lemma tail_count_strict_antimono:
  assumes "x1 \<in> last_visits" "x2 \<in> last_visits" "pos x1 < pos x2"
  shows "card (orb sg ` tail x2) < card (orb sg ` tail x1)"
proof -
  have outer: "x1 \<in> outer" "x2 \<in> outer" and "tail x2 \<inter> orb sg x2 = {}"
    using assms(1,2) by (auto simp: last_visits_def)
  then have "orb sg x2 \<notin> orb sg ` tail x2" using orb_self by blast
  then have "orb sg ` tail x2 \<subset> orb sg ` tail x1"
    using tail_antimono[OF outer assms(3)] by auto
  moreover have "finite (orb sg ` tail x1)" using finite_outer tail_outer finite_subset by blast
  ultimately show ?thesis by (simp add: psubset_card_mono)
qed

lemma inj_on_tail_count: "inj_on tail_count good_choices"
proof (rule inj_onI)
  fix y1 y2 assume y: "y1 \<in> good_choices" "y2 \<in> good_choices" "tail_count y1 = tail_count y2"
  have Some_less: "tail_count (Some x) < tail_count None" if "x \<in> last_visits" for x
    using tail_count_less[OF that] by (simp add: tail_count_def)
  show "y1 = y2"
  proof (cases y1; cases y2)
    fix x1 x2 assume Some: "y1 = Some x1" "y2 = Some x2"
    then have x: "x1 \<in> last_visits" "x2 \<in> last_visits" using y(1,2) by (auto simp: good_choices_def)
    have "card (orb sg ` tail x1) = card (orb sg ` tail x2)" using y(3) Some by (simp add: tail_count_def)
    then have "pos x1 = pos x2"
      using tail_count_strict_antimono[OF x] tail_count_strict_antimono[OF x(2,1)]
      by (metis less_irrefl linorder_neqE_nat)
    then show "y1 = y2" using pos_inj x last_visits_outer Some by auto
  next
    fix x assume "y1 = Some x" "y2 = None"
    then show "y1 = y2" using y Some_less[of x] by (auto simp: good_choices_def)
  next
    fix x assume "y1 = None" "y2 = Some x"
    then show "y1 = y2" using y Some_less[of x] by (auto simp: good_choices_def)
  qed simp
qed

lemma tail_count_good_choices: "tail_count ` good_choices = {..outv M}"
proof -
  have "tail_count ` good_choices \<subseteq> {..outv M}"
    using tail_count_less by (auto simp: good_choices_def tail_count_def less_imp_le)
  moreover have "card (Some ` last_visits) = outv M"
    using card_last_visits by (simp add: card_image)
  then have "card (tail_count ` good_choices) = outv M + 1"
    using inj_on_tail_count finite_subset[OF last_visits_outer finite_outer]
    by (simp add: card_image good_choices_def)
  ultimately show ?thesis using card_subset_eq[of "{..outv M}"] by simp
qed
^^^^
[Work to be completed] Nothing but the lines from the one containing "fix y1 y2 assume" through the end of the entries belongs in the answer; repeat them exactly.

[Response area]
  fix y1 y2 assume y: "y1 \<in> good_choices" "y2 \<in> good_choices" "tail_count y1 = tail_count y2"
  have Some_less: "tail_count (Some x) < tail_count None" if "x \<in> last_visits" for x
    using tail_count_less[OF that] by (simp add: tail_count_def)
  show "y1 = y2"
  proof (cases y1; cases y2)
    fix x1 x2 assume Some: "y1 = Some x1" "y2 = Some x2"
    then have x: "x1 \<in> last_visits" "x2 \<in> last_visits" using y(1,2) by (auto simp: good_choices_def)
    have "card (orb sg ` tail x1) = card (orb sg ` tail x2)" using y(3) Some by (simp add: tail_count_def)
    then have "pos x1 = pos x2"
      using tail_count_strict_antimono[OF x] tail_count_strict_antimono[OF x(2,1)]
      by (metis less_irrefl linorder_neqE_nat)
    then show "y1 = y2" using pos_inj x last_visits_outer Some by auto
  next
    fix x assume "y1 = Some x" "y2 = None"
    then show "y1 = y2" using y Some_less[of x] by (auto simp: good_choices_def)
  next
    fix x assume "y1 = None" "y2 = Some x"
    then show "y1 = y2" using y Some_less[of x] by (auto simp: good_choices_def)
  qed simp
qed

lemma tail_count_good_choices: "tail_count ` good_choices = {..outv M}"
proof -
  have "tail_count ` good_choices \<subseteq> {..outv M}"
    using tail_count_less by (auto simp: good_choices_def tail_count_def less_imp_le)
  moreover have "card (Some ` last_visits) = outv M"
    using card_last_visits by (simp add: card_image)
  then have "card (tail_count ` good_choices) = outv M + 1"
    using inj_on_tail_count finite_subset[OF last_visits_outer finite_outer]
    by (simp add: card_image good_choices_def)
  ultimately show ?thesis using card_subset_eq[of "{..outv M}"] by simp
qed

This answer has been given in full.